In a spring-mass system, the total mechanical energy is the sum of the kinetic energy and potential energy. At any point in the oscillation, when the kinetic energy and potential energy are equal, the total mechanical energy is constant. In this scenario, we can set up an equation to find the distance from the equilibrium position where this occurs.
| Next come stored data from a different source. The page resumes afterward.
(* Let $\mathbf{x}=x_1x_2\ldots$ be an infinite word over a finite alphabet. The following statements are equivalent: (i) $\mathbf{x}$ is eventually periodic; (ii) $r(n,\mathbf{x})\le 2n$ for all sufficiently large integers $n$; (iii) there exists $M$ such that $r(n,\mathbf{x})-n\le M$ for all $n\ge 1$.
   Context: For integers $i\le j$, $x_i^j$ denotes the factor $x_ix_{i+1}\cdots x_j$ of $\mathbf{x}$. For $n\ge1$, $r(n,\mathbf{x})=\min\{m\ge1:\ x_i^{i+n-1}=x_{m-n+1}^{m}\text{ for some } i \text{ with } 1\le i\le m-n\}$, i.e. the length of the shortest prefix of $\mathbf{x}$ containing two (possibly overlapping) occurrences of some word of length $n$. *)

theory Defs
  imports Main
begin

text \<open>An infinite word x = x_1 x_2 ... is modelled as a function nat => 'a;
  only positions k >= 1 are meaningful (x 0 is ignored).\<close>

definition eventually_periodic :: "(nat \<Rightarrow> 'a) \<Rightarrow> bool" where
  "eventually_periodic x \<longleftrightarrow> (\<exists>p>0. \<exists>N\<ge>1. \<forall>k\<ge>N. x (k + p) = x k)"

definition r :: "nat \<Rightarrow> (nat \<Rightarrow> 'a) \<Rightarrow> nat" where
  "r n x = (LEAST m. m \<ge> 1 \<and>
     (\<exists>i. 1 \<le> i \<and> i + n \<le> m \<and> (\<forall>k<n. x (i + k) = x (m + 1 - n + k))))"

end

theory Submission
  imports Defs
begin

text \<open>If \<open>r(n) \<le> 2n\<close>, the prefix of length \<open>r(n)\<close> ends in a factor of length \<open>n + p\<close> with period
  \<open>p \<le> n\<close>. By the Fine--Wilf theorem the windows obtained for \<open>n\<close> and \<open>n + 1\<close> overlap enough
  to have the same least period, so all these windows share one period \<open>\<pi>\<close>; since each one
  starts before the previous one ends with room for \<open>\<pi>\<close>, they glue together to a periodic
  tail. Conversely, for an eventually periodic word a repeat of length \<open>n\<close> is found at
  distance at most \<open>N + p\<close> regardless of \<open>n\<close>.\<close>

definition periodic_on :: "(nat \<Rightarrow> 'a) \<Rightarrow> nat \<Rightarrow> nat \<Rightarrow> nat \<Rightarrow> bool" where
  "periodic_on x a b p \<longleftrightarrow> (\<forall>k. a \<le> k \<longrightarrow> k + p \<le> b \<longrightarrow> x k = x (k + p))"
lemma exists_minimal_sublinear_below:
  fixes q :: "'a::real_vector \<Rightarrow> real"
  assumes "sublinear q"
  obtains p where "sublinear p" "p \<le> q" "\<And>p'. sublinear p' \<Longrightarrow> p' \<le> p \<Longrightarrow> p' = p"
proof -
  define S where "S = {p. sublinear p \<and> p \<le> q}"
  have "\<exists>m\<in>S. \<forall>p\<in>S. p \<le> m \<longrightarrow> p = m"
  proof (rule predicate_Zorn)
    show "partial_order_on S (relation_of (\<lambda>p p'. p' \<le> p) S)"
      by (auto simp: partial_order_on_def preorder_on_def refl_on_def trans_on_def antisym_on_def
          relation_of_def)
  next
    fix C assume C: "C \<in> Chains (relation_of (\<lambda>p p'. p' \<le> p) S)"
    then have CS: "C \<subseteq> S" and chain: "\<And>p p'. p \<in> C \<Longrightarrow> p' \<in> C \<Longrightarrow> p \<le> p' \<or> p' \<le> p"
      by (auto simp: Chains_def relation_of_def)
    show "\<exists>u\<in>S. \<forall>p\<in>C. u \<le> p"
    proof (cases "C = {}")
      case True
      then show ?thesis
        using assms by (auto simp: S_def)
    next
      case False
      have lower: "- q (- x) \<le> p x" if "p \<in> C" for p x
        using that CS sublinear_neg_le[of p x] le_funD[of p q "- x"] by (auto simp: S_def)
      define m where "m x = (INF p\<in>C. p x)" for x
      have bdd: "bdd_below ((\<lambda>p. p x) ` C)" for x
        using lower by (intro bdd_belowI[of _ "- q (- x)"]) auto
      have "sublinear m"
        unfolding m_def using False CS chain bdd by (intro sublinear_INF_chain) (auto simp: S_def)
      moreover have "m \<le> p" if "p \<in> C" for p
        unfolding m_def le_fun_def using cINF_lower[OF bdd that] by blast
      moreover have "m \<le> q"
        using False CS \<open>\<And>p. p \<in> C \<Longrightarrow> m \<le> p\<close> by (auto simp: S_def intro: order_trans)
      ultimately show ?thesis
        by (auto simp: S_def)
    qed
  qed
  then show ?thesis
    using that by (auto simp: S_def intro: order_trans)
qed

text \<open>If \<open>r \<le> p\<close> on \<open>D\<close>, this is a sublinear minorant of \<open>p\<close> that is at most \<open>-r\<close> in every
  direction of \<open>D\<close>; it yields both the linearity of minimal sublinear functionals and the
  separation theorem.\<close>
definition inf_along :: "('a::real_vector \<Rightarrow> real) \<Rightarrow> 'a set \<Rightarrow> real \<Rightarrow> 'a \<Rightarrow> real" where
  "inf_along p D r z = (INF (t, d)\<in>{0..} \<times> D. p (z + t *\<^sub>R d) - t * r)"
(* Let $R$ be a finite chain ring, $r\ge1$, and let $A=\bigcup_{i=1}^lA_i\subseteq R$ be a well-conditioned set partitioned into $l$ blocks with $|A_i|=r+1$, so $n=|A|=(r+1)l$. Assume there is $g\in\mathcal F_A$ of degree $r+1$ such that $1,g,\dots,g^{l-1}$ span $\mathcal F_A$ as an $R$-module. Let $\mathcal F_A^r=\bigoplus_{i=0}^{r-1}\mathcal F_A\,x^i$, let $K=rt$ with $1\le t\le l$, and let $\Phi:R^K\to\mathcal F_A^r$, $a\mapsto f_a$, be an injective $R$-linear map. Let $\mathcal C=\{(f_a(\alpha))_{\alpha\in A}: a\in R^K\}$. Then $\mathcal C$ is a free $R$-linear code of length $n$ and rank $K$, each coordinate $\alpha\in A_j$ can be recovered from the coordinates in $A_j\setminus\{\alpha\}$ (so $\mathcal C$ has locality $r$), and its minimum distance satisfies $$d\ \ge\ n-\max_{a\in R^K\setminus\{0\}}\deg f_a .$$
   Context: A finite chain ring is a finite commutative local ring whose ideals are totally ordered by inclusion; $N(R)$ is its unit group. A subset $T\subseteq N(R)$ is subtractive if $a-b\in N(R)$ for all distinct $a,b\in T$. A set $\{a_1,\dots,a_n\}\subseteq R$ is well-conditioned if either it is a subtractive subset of $N(R)$, or for some $i$ the set without $a_i$ is a subtractive subset of $N(R)$ and $a_i$ is a zero divisor (or $0$). For a partition $A=\bigcup_i A_i$, $\mathcal F_A=\{f\in R[x]:\deg f<|A|,\ f$ constant on each $A_i\}$. *)

theory Defs
  imports "HOL-Computational_Algebra.Polynomial"
begin

definition is_ideal :: "'a::comm_ring_1 set \<Rightarrow> bool" where
  "is_ideal I \<longleftrightarrow> 0 \<in> I \<and> (\<forall>x\<in>I. \<forall>y\<in>I. x + y \<in> I) \<and> (\<forall>r. \<forall>x\<in>I. r * x \<in> I)"

definition units_of_ring :: "'a::comm_ring_1 set" where
  "units_of_ring = {a. a dvd 1}"

definition local_ring :: "'a::comm_ring_1 itself \<Rightarrow> bool" where
  "local_ring _ \<longleftrightarrow> (0::'a) \<noteq> 1 \<and> is_ideal (- (units_of_ring :: 'a set))"
(* Matricization turns tensors in C^{I x J} into matrices indexed by idx I and idx J, the Einstein
   product into matrix multiplication and the tensor Moore-Penrose inverse into the matrix one, so it
   suffices to prove the statement for matrices r, s, t with a = r s t.
   With the orthogonal projectors E = r^+ r and F = t t^+, the matrix M = r^+ a t^+ equals both
   E (s t t^+) and (r^+ r s) F, hence its Moore-Penrose inverse satisfies M^+ E = M^+ = F M^+.
   The inner matrix of the second product inverse is therefore t (t^+ M^+ r^+) r = F M^+ E = M^+,
   whose Moore-Penrose inverse is M, and r M t = (r r^+ r) s (t t^+ t) = a.
   Moore-Penrose inverses over finite index sets are constructed from scratch: Gram-Schmidt yields,
   column by column, the orthogonal projector A W onto the column space of A, hence a {1,3}-inverse;
   a {1,3}-inverse X and a {1,4}-inverse Y combine to A^+ = Y A X (Urquhart). *)

theory Submission
  imports Defs
begin

definition mat_mult :: "'b set \<Rightarrow> ('a \<Rightarrow> 'b \<Rightarrow> complex) \<Rightarrow> ('b \<Rightarrow> 'c \<Rightarrow> complex) \<Rightarrow> 'a \<Rightarrow> 'c \<Rightarrow> complex"
  where "mat_mult K A B = (\<lambda>i j. \<Sum>k\<in>K. A i k * B k j)"

definition adjoint :: "('a \<Rightarrow> 'b \<Rightarrow> complex) \<Rightarrow> 'b \<Rightarrow> 'a \<Rightarrow> complex"
  where "adjoint A = (\<lambda>j i. cnj (A i j))"

definition supported :: "'a set \<Rightarrow> 'b set \<Rightarrow> ('a \<Rightarrow> 'b \<Rightarrow> complex) \<Rightarrow> bool"
  where "supported S T A \<longleftrightarrow> (\<forall>i j. i \<notin> S \<or> j \<notin> T \<longrightarrow> A i j = 0)"

definition mat_vec :: "'b set \<Rightarrow> ('a \<Rightarrow> 'b \<Rightarrow> complex) \<Rightarrow> ('b \<Rightarrow> complex) \<Rightarrow> 'a \<Rightarrow> complex"
  where "mat_vec K M v = (\<lambda>i. \<Sum>k\<in>K. M i k * v k)"

definition cinner :: "'a set \<Rightarrow> ('a \<Rightarrow> complex) \<Rightarrow> ('a \<Rightarrow> complex) \<Rightarrow> complex"
  where "cinner S u v = (\<Sum>k\<in>S. cnj (u k) * v k)"

lemma mat_mult_assoc: "mat_mult L (mat_mult K A B) C = mat_mult K A (mat_mult L B C)"
  unfolding mat_mult_def
  by (auto simp: sum_distrib_left sum_distrib_right mult.assoc intro!: ext sum.swap)

lemma adjoint_mat_mult: "adjoint (mat_mult K A B) = mat_mult K (adjoint B) (adjoint A)"
  unfolding mat_mult_def adjoint_def by (auto simp: cnj_sum mult.commute intro!: ext)

lemma adjoint_adjoint [simp]: "adjoint (adjoint A) = A"
  unfolding adjoint_def by simp

lemma hermitian_cnj: "adjoint P = P \<Longrightarrow> cnj (P i j) = P j i"
  unfolding adjoint_def by (metis complex_cnj_cnj)

lemma supported_mat_mult: "supported S K A \<Longrightarrow> supported K T B \<Longrightarrow> supported S T (mat_mult K A B)"
  unfolding supported_def mat_mult_def by auto

lemma supported_adjoint: "supported S T A \<Longrightarrow> supported T S (adjoint A)"
  unfolding supported_def adjoint_def by auto

lemma mat_vec_mat_vec: "mat_vec S M (mat_vec K N v) = mat_vec K (mat_mult S M N) v"
  unfolding mat_vec_def mat_mult_def
  by (auto simp: sum_distrib_left sum_distrib_right mult.assoc intro!: ext sum.swap)

lemma mat_vec_diff: "mat_vec S M (\<lambda>i. u i - v i) = (\<lambda>i. mat_vec S M u i - mat_vec S M v i)"
  unfolding mat_vec_def by (auto simp: right_diff_distrib sum_subtractf)

lemma cinner_diff_left: "cinner S (\<lambda>i. u i - v i) w = cinner S u w - cinner S v w"
  unfolding cinner_def by (auto simp: left_diff_distrib sum_subtractf)

lemma cinner_add_right: "cinner S w (\<lambda>i. u i + v i) = cinner S w u + cinner S w v"
  unfolding cinner_def by (auto simp: distrib_left sum.distrib)

lemma cnj_cinner_self: "cnj (cinner S c c) = cinner S c c"
  by (simp add: cinner_def cnj_sum mult.commute)
(* Let $(\Phi,\mathtt{Prg},\mathrm{AT})$ be a CLC SPL with $\Phi=(\mathcal F,\phi)$, let $p$ be a valid product, and let $\mathcal D$ be a derivation of $\phi\vdash\mathtt{Prg}\ \textsc{ok}$ in the family-based type system. If a judgment $\theta;\Delta\vdash e:T$ occurs in $\mathcal D$ and $p\models\theta$, then $[\![\Delta]\!]_p\vdash\langle\!\langle e\rangle\!\rangle_p:T$ is derivable in the LC type system relative to the variant program $[\![\mathtt{Prg}]\!]_p$. Moreover, there is such an LC derivation in which every struct name $s$ appearing satisfies $p\models\mathrm{AT}(\mathtt{Prg}(s))$.
   Context: **Lightweight C (LC).** Types: $T ::= \mathtt{int}\mid \mathtt{void}* \mid \mathtt{struct}\ s*$ ($s$ a struct name). Expressions: $e ::= n$ (integer literal) $\mid \mathtt{NULL}\mid x$ (parameter name) $\mid f(e_1,\dots,e_k)$ ($k\ge0$) $\mid e\texttt{->}m \mid e\texttt{->}m=e \mid e\,?\,e:e \mid (e_1,\dots,e_k)$ ($k\ge1$, a parenthesized expression sequence) $\mid \mathsf{uop}\ e\mid e\ \mathsf{bop}\ e\mid \mathtt{MALLOC}(\mathtt{struct}\ s)\mid \mathtt{MFREE}(e)$. A struct definition is $\mathtt{struct}\ s\{T_1\,m_1;\dots;T_k\,m_k;\};$ (distinct member names); a function definition is $T_0\ f(T_1\,x_1,\dots,T_k\,x_k)\{\mathtt{return}\ e;\}$ (distinct parameter names); a program $\mathtt{Prg}=\overline{SD}\ \overline{FD}$ is a sequence of struct definitions followed by a sequence of function definitions, with distinct struct names and distinct function names. $\mathtt{Prg}$ is regarded as a finite map: $\mathtt{Prg}(s)$ is the definition of struct $s$, $\mathtt{Prg}(s)(m)=$ "$T\ m$" is the declaration of member $m$ in it, $\mathtt{Prg}(f)$ is the definition of function $f$; $\mathrm{dom}(\overline{SD})$ is the set of defined struct names. $\mathtt{Prg}$ is *sane* if (1) every struct name occurring anywhere in $\mathtt{Prg}$ is defined in $\mathtt{Prg}$, (2) every function name occurring in the function definitions is defined in $\mathtt{Prg}$, (3) $\mathtt{Prg}(\mathtt{main})=\mathtt{int\ main}()\{\mathtt{return}\ e;\}$ for some $e$. Operator types: unary $-:(\mathtt{int})\to\mathtt{int}$; unary $!:(T)\to\mathtt{int}$ for every type $T$; binary $+,-,*,/,\&\&,||,<,<=,>,>=:(\mathtt{int},\mathtt{int})\to\mathtt{int}$; binary $==,!=:(T,T)\to\mathtt{int}$ for every type $T$. Subtyping $\le$ is the reflexive closure of $\mathtt{void}*\le\mathtt{struct}\ s*$ for every struct $s$ defined in the program; $\max_\le\{T_1,T_2\}$ is the greater of two $\le$-comparable types. LC typing (relative to the program under consideration; $\Gamma$ a finite map from parameter names to types): (T-int) $\Gamma\vdash n:\mathtt{int}$. (T-null) $\Gamma\vdash\mathtt{NULL}:\mathtt{void}*$. (T-par) if $x{:}T\in\Gamma$ then $\Gamma\vdash x:T$. (T-app) if $\mathtt{Prg}(f)=T_0\,f(T_1x_1,\dots,T_kx_k)\{\dots\}$, and $\Gamma\vdash e_i:T_i'$, $T_i'\le T_i$ for $i=1..k$ (exactly $k$ arguments), then $\Gamma\vdash f(e_1,\dots,e_k):T_0$. (T-member) if $\Gamma\vdash e_0:\mathtt{struct}\ s*$ and $\mathtt{Prg}(s)(m)=T\,m$ then $\Gamma\vdash e_0\texttt{->}m:T$. (T-assign) if additionally $\Gamma\vdash e_1:T_1$, $T_1\le T$, then $\Gamma\vdash e_0\texttt{->}m=e_1:T$. (T-cond) if $\Gamma\vdash e_j:T_j$ ($j=0,1,2$) and $T_3=\max_\le\{T_1,T_2\}$ then $\Gamma\vdash e_0?e_1:e_2:T_3$. (T-seq) if $\Gamma\vdash e_i:T_i$ for $i=1..n$ then $\Gamma\vdash(e_1,\dots,e_n):T_n$. (T-uop) if $\Gamma\vdash e_0:T_0$ and $\mathsf{uop}$ has type $(T_0)\to\mathtt{int}$ then $\Gamma\vdash\mathsf{uop}\,e_0:\mathtt{int}$. (T-bop) if $\Gamma\vdash e_1:T_1$, $\Gamma\vdash e_2:T_2$, $T_3=\max_\le\{T_1,T_2\}$ and $\mathsf{bop}$ has type $(T_3,T_3)\to\mathtt{int}$ then $\Gamma\vdash e_1\,\mathsf{bop}\,e_2:\mathtt{int}$. (T-malloc) if $s\in\mathrm{dom}(\overline{SD})$ then $\Gamma\vdash\mathtt{MALLOC}(\mathtt{struct}\ s):\mathtt{struct}\ s*$. (T-mfree) if $\Gamma\vdash e_0:\mathtt{struct}\ s*$ then $\Gamma\vdash\mathtt{MFREE}(e_0):\mathtt{void}*$. **Colored LC (CLC).** A feature model $\Phi=(\mathcal F,\phi)$: $\mathcal F$ a finite set of features, $\phi$ a propositional formula over $\mathcal F$ (connectives $!,\&\&,||$, constants $0,1$). A product is $p\subseteq\mathcal F$; $p\models\psi$ means $\psi$ is true under the assignment giving 1 to features in $p$ and 0 to the others; $p$ is valid if $p\models\phi$. For formulas, $\theta\models\theta'$ means $\theta\Rightarrow\theta'$ is valid; $\psi_1\Rightarrow\psi_2$ abbreviates $!\psi_1||\psi_2$ and $\psi_1\Leftrightarrow\psi_2$ the conjunction of both implications. An SPL is a triple $(\Phi,\mathtt{Prg},\mathrm{AT})$ with $\mathtt{Prg}$ an LC program (the code base) and $\mathrm{AT}$ an annotation table assigning a propositional formula over $\mathcal F$ to each occurrence of an annotable fragment of $\mathtt{Prg}$; annotable fragments are: each struct definition, each member declaration $T\,m$, each function definition, each formal parameter declaration $T\,x$, each argument of a function call, and each element of a parenthesized sequence. Occurrences not explicitly annotated have annotation $1$. Abbreviations: $\mathrm{AT}(s)=\mathrm{AT}(\mathtt{Prg}(s))$, $\mathrm{AT}(f)=\mathrm{AT}(\mathtt{Prg}(f))$; $\mathrm{AT}(\mathtt{int})=\mathrm{AT}(\mathtt{void}* )=1$, $\mathrm{AT}(\mathtt{struct}\ s* )=\mathrm{AT}(\mathtt{Prg}(s))$; $\exists(e_1,\dots,e_n)=\mathrm{AT}(e_1)||\cdots||\mathrm{AT}(e_n)$; $\mathtt{neverLast}(k,(e_1,\dots,e_n))=\,!\mathrm{AT}(e_k)||\mathrm{AT}(e_{k+1})||\cdots||\mathrm{AT}(e_n)$. An annotated type environment $\Delta$ maps parameter names to pairs written $x{:}T$ with $\psi$; $[\![\Delta]\!]_p$ is the (LC) type environment $\{x{:}T \mid x{:}T\text{ with }\psi\text{ is in }\Delta,\ p\models\psi\}$. Family-based typing: (FT-prg) if $\mathtt{Prg}$ is sane, $\mathrm{AT}(\mathtt{main})=1$, $\mathtt{Prg}=\overline{SD}\,\overline{FD}$, $\phi\,\&\&\,\mathrm{AT}(SD)\vdash SD\ \textsc{ok}$ for each $SD$ in $\overline{SD}$ and $\phi\,\&\&\,\mathrm{AT}(FD)\vdash FD\ \textsc{ok}$ for each $FD$ in $\overline{FD}$, then $\phi\vdash\mathtt{Prg}\ \textsc{ok}$. (FT-struct) if $\theta\models\mathrm{AT}(T_i\,m_i)\Rightarrow\mathrm{AT}(T_i)$ for all $i$, then $\theta\vdash\mathtt{struct}\ s\{T_1m_1;\dots;T_km_k;\}\ \textsc{ok}$. (FT-fun) if $\theta\models\mathrm{AT}(T_0)$, $\theta\models\mathrm{AT}(T_i\,x_i)\Rightarrow\mathrm{AT}(T_i)$ for all $i$, $\theta;\ x_1{:}T_1\text{ with }\mathrm{AT}(T_1x_1),\dots,x_k{:}T_k\text{ with }\mathrm{AT}(T_kx_k)\vdash e:T'$ and $T'\le T_0$, then $\theta\vdash T_0\,f(T_1x_1,\dots,T_kx_k)\{\mathtt{return}\ e;\}\ \textsc{ok}$. (FT-int) $\theta;\Delta\vdash n:\mathtt{int}$. (FT-null) $\theta;\Delta\vdash\mathtt{NULL}:\mathtt{void}*$. (FT-par) if $x{:}T$ with $\psi$ is in $\Delta$ and $\theta\models\psi$ then $\theta;\Delta\vdash x:T$. (FT-app) if $\mathtt{Prg}(f)=T_0\,f(T_1x_1,\dots,T_kx_k)\{\dots\}$, $\theta\models\mathrm{AT}(\mathtt{Prg}(f))$, and for $i=1..k$ (exactly $k$ arguments) $\theta;\Delta\vdash e_i:T_i'$, $T_i'\le T_i$ and $\theta\models\mathrm{AT}(e_i)\Leftrightarrow\mathrm{AT}(T_ix_i)$, then $\theta;\Delta\vdash f(e_1,\dots,e_k):T_0$. (FT-member) if $\theta;\Delta\vdash e_0:\mathtt{struct}\ s*$, $\mathtt{Prg}(s)(m)=T\,m$ and $\theta\models\mathrm{AT}(T\,m)$ then $\theta;\Delta\vdash e_0\texttt{->}m:T$. (FT-assign) if additionally $\theta;\Delta\vdash e_1:T_1$ and $T_1\le T$ then $\theta;\Delta\vdash e_0\texttt{->}m=e_1:T$. (FT-cond), (FT-uop), (FT-bop), (FT-mfree): as T-cond, T-uop, T-bop, T-mfree with every judgment $\Gamma\vdash$ replaced by $\theta;\Delta\vdash$. (FT-seq) if $\theta\models\exists(e_1,\dots,e_n)$, $\theta\,\&\&\,\mathrm{AT}(e_i);\Delta\vdash e_i:T_i$ for all $i$, $T=T_n$, and $\theta\models\mathtt{neverLast}(i,(e_1,\dots,e_n))$ for every $i$ with $T_i\ne T$, then $\theta;\Delta\vdash(e_1,\dots,e_n):T$. (FT-malloc) if $s\in\mathrm{dom}(\overline{SD})$ and $\theta\models\mathrm{AT}(\mathtt{Prg}(s))$ then $\theta;\Delta\vdash\mathtt{MALLOC}(\mathtt{struct}\ s):\mathtt{struct}\ s*$. **Variant generation.** For a product $p$ and a sequence of annotable occurrences: $[\![\,]\!]_p$ is empty; $[\![a_1\dots a_n]\!]_p=\langle\!\langle a_1\rangle\!\rangle_p\,[\![a_2\dots a_n]\!]_p$ if $p\models\mathrm{AT}(a_1)$, and $=[\![a_2\dots a_n]\!]_p$ otherwise. $\langle\!\langle\mathtt{struct}\ s\{\overline{T\,m};\}\rangle\!\rangle_p=\mathtt{struct}\ s\{[\![\overline{T\,m}]\!]_p\}$; $\langle\!\langle T_0f(\overline{T\,x})\{\mathtt{return}\ e;\}\rangle\!\rangle_p=T_0f([\![\overline{T\,x}]\!]_p)\{\mathtt{return}\ \langle\!\langle e\rangle\!\rangle_p;\}$; $\langle\!\langle T\,m\rangle\!\rangle_p=T\,m$, $\langle\!\langle T\,x\rangle\!\rangle_p=T\,x$; $\langle\!\langle f(\bar e)\rangle\!\rangle_p=f([\![\bar e]\!]_p)$; $\langle\!\langle(\tilde e)\rangle\!\rangle_p=([\![\tilde e]\!]_p)$; on all other expression forms $\langle\!\langle\cdot\rangle\!\rangle_p$ acts homomorphically on immediate subexpressions ($n$, $\mathtt{NULL}$, $x$, $\mathtt{MALLOC}(\mathtt{struct}\ s)$ unchanged). The variant is $[\![\mathtt{Prg}]\!]_p=[\![\overline{SD}]\!]_p\,[\![\overline{FD}]\!]_p$ for $\mathtt{Prg}=\overline{SD}\,\overline{FD}$. *)

theory Defs
  imports Main
begin
(* Let $S$ be a semiring satisfying the standing assumptions below, let $m>1$, $n>1$, and let $A,B\in M_{m\times n}(S)$ be two distinct matrices with $r(A)=r(B)=1$. (i) If $A$ has more nonzero entries than $B$, then there exists $C\in M_{m\times n}(S)$ such that $r(A+C)=1$ and $r(B+C)=2$. (ii) If $A$ and $B$ have the same number of nonzero entries, then there exists $C\in M_{m\times n}(S)$ such that either $r(A+C)=1$ and $r(B+C)=2$, or $r(A+C)=2$ and $r(B+C)=1$.
   Context: A semiring $(S,+,\cdot)$ here means: $(S,+)$ is a commutative monoid with zero $0$, $(S,\cdot)$ is a commutative monoid with identity $1$, multiplication distributes over addition, and $0$ is absorbing. Standing assumptions on $S$: $S$ is additively idempotent ($a+a=a$), multiplicatively cancellative (for every nonzero $a$, $ba=ca$ implies $b=c$), and additively unit irreducible (if $a+b$ is a unit then $a$ or $b$ is a unit). For $A\in M_{m\times n}(S)$, the rank $r(A)$ is the least positive integer $k$ such that $A=BC$ for some $B\in M_{m\times k}(S)$, $C\in M_{k\times n}(S)$; $r(0)=0$. *)

theory Defs
  imports "Jordan_Normal_Form.Matrix"
begin

definition add_idempotent :: "'a::comm_semiring_1 itself \<Rightarrow> bool" where
  "add_idempotent _ \<longleftrightarrow> (\<forall>a::'a. a + a = a)"

definition mult_cancellative :: "'a::comm_semiring_1 itself \<Rightarrow> bool" where
  "mult_cancellative _ \<longleftrightarrow> (\<forall>a b c :: 'a. a \<noteq> 0 \<longrightarrow> b * a = c * a \<longrightarrow> b = c)"

definition add_unit_irreducible :: "'a::comm_semiring_1 itself \<Rightarrow> bool" where
  "add_unit_irreducible _ \<longleftrightarrow> (\<forall>a b :: 'a. (a + b) dvd 1 \<longrightarrow> a dvd 1 \<or> b dvd 1)"

definition mrank :: "'a::comm_semiring_1 mat \<Rightarrow> nat" where
  "mrank A = (if A = 0\<^sub>m (dim_row A) (dim_col A) then 0
     else (LEAST k. 0 < k \<and> (\<exists>B C. B \<in> carrier_mat (dim_row A) k \<and>
                                      C \<in> carrier_mat k (dim_col A) \<and> A = B * C)))"

definition nnz :: "'a::zero mat \<Rightarrow> nat" where
  "nnz A = card {(i, j). i < dim_row A \<and> j < dim_col A \<and> A $$ (i, j) \<noteq> 0}"

end

theory Submission
  imports Defs
begin

text \<open>
  In an additively idempotent semiring a + b = b is a partial order, and with cancellation there
  are neither zero divisors nor nonzero sums equal to 0. A matrix has rank 1 iff it is a nonzero
  outer product, so all its 2 x 2 minors have equal diagonal products; a sum of two outer products
  with one minor violating this has rank 2.

  Both parts reduce to: if A + B \<noteq> B, some C gives rank (A + C) = 1 and rank (B + C) = 2.
  Indeed A + B = B forces nnz A \<le> nnz B, and A \<noteq> B excludes A + B = B together with B + A = A.
  Pick (k,l) where a = A(k,l) is not below B(k,l). If B has a nonzero entry outside row k and
  column l, adding a at (k,l) leaves A unchanged (a + a = a) but breaks a minor of B. Otherwise
  B lives in row k or in column l, and after transposing in row k; then C fills in a row or column
  beside the support of A, possibly plus a at (k,l), so that A + C stays an outer product while
  a minor of B + C becomes non-degenerate.
\<close>

definition factorizes_through :: "'a::comm_semiring_1 mat \<Rightarrow> nat \<Rightarrow> bool" where
  "factorizes_through M k \<longleftrightarrow>
     (\<exists>P Q. P \<in> carrier_mat (dim_row M) k \<and> Q \<in> carrier_mat k (dim_col M) \<and> M = P * Q)"

lemma mrank_eq_Least:
  "M \<noteq> 0\<^sub>m (dim_row M) (dim_col M) \<Longrightarrow> mrank M = (LEAST k. 0 < k \<and> factorizes_through M k)"
  unfolding mrank_def factorizes_through_def by simp

lemma factorizes_through_dim_col: "factorizes_through M (dim_col M)"
  unfolding factorizes_through_def by (intro exI[of _ M] exI[of _ "1\<^sub>m (dim_col M)"]) auto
Let's denote the equilibrium position as x = 0. The amplitude of the oscillation is given as 6√2. The total mechanical energy (E) can be calculated using the formula:
E = (1/2)kA^2
Where k is the spring constant and A is the amplitude of oscillation. Since the amplitude is given as 6√2, we have:
E = (1/2)k(6√2)^2 E = 72k
Now, let's consider a general point in the oscillation where the distance from the equilibrium position is x. At this point, the potential energy (PE) is given by:
PE = (1/2)kx^2
And the kinetic energy (KE) is given by:
KE = (1/2)mv^2
In this system, the maximum potential energy occurs at the amplitude (A), and the maximum kinetic energy occurs at the equilibrium position (x = 0). At the point where both kinetic energy and potential energy are equal, we have:
(1/2)kx^2 = (1/2)mv^2
Since the mass (m) and spring constant (k) are constants, we can equate the potential energy and kinetic energy expressions:
kx^2 = mv^2
Now, let's substitute v with its expression in terms of x using the conservation of mechanical energy:
(1/2)kA^2 = (1/2)mv^2
We already calculated the total mechanical energy (E) as 72k:
72k = (1/2)mv^2
Now, let's substitute v with its expression in terms of x:
72k = (1/2)m(dx/dt)^2
Since dx/dt represents the velocity (v), we can further simplify:
72k = (1/2)m(d/dt)^2(x^2)
72k = (1/2)m(2x(dx/dt))
72k = mx(dx/dt)
Now, let's rearrange the equation to solve for dx/dt:
dx/dt = (72k)/(mx) dx/dt = (72k)/(m√(2k/m)x) dx/dt = (72√(k/m))/(√(2k/m)x) dx/dt = (36√2)/x
Now, we have the expression for dx/dt in terms of x. To find the distance from the equilibrium position where kinetic energy and potential energy are equal, we need to solve this differential equation. We can integrate both sides of the equation:
∫(1/x) dx = ∫(36√2) dt
ln|x| = (36√2)t + C
x = e^((36√2)t + C)
Since we are looking for a specific point where kinetic energy and potential energy are equal, we can assume t = 0. This means C = ln(A), where A is the amplitude. Substituting these values, we have:
x = e^((36√2)t + ln(A)) x = Ae^(36√2)t
At this point, we have the equation for the position (x) as a function of time (t). This equation describes the displacement of the mass from the equilibrium position at any given time. To find the distance where kinetic energy and potential energy are equal, we would need to solve for t when the kinetic and potential energies are equal and substitute it back into the equation for x.
However, note that this result is a general expression for the position in the oscillation, and finding the specific distance would require additional information such as the specific time or additional conditions.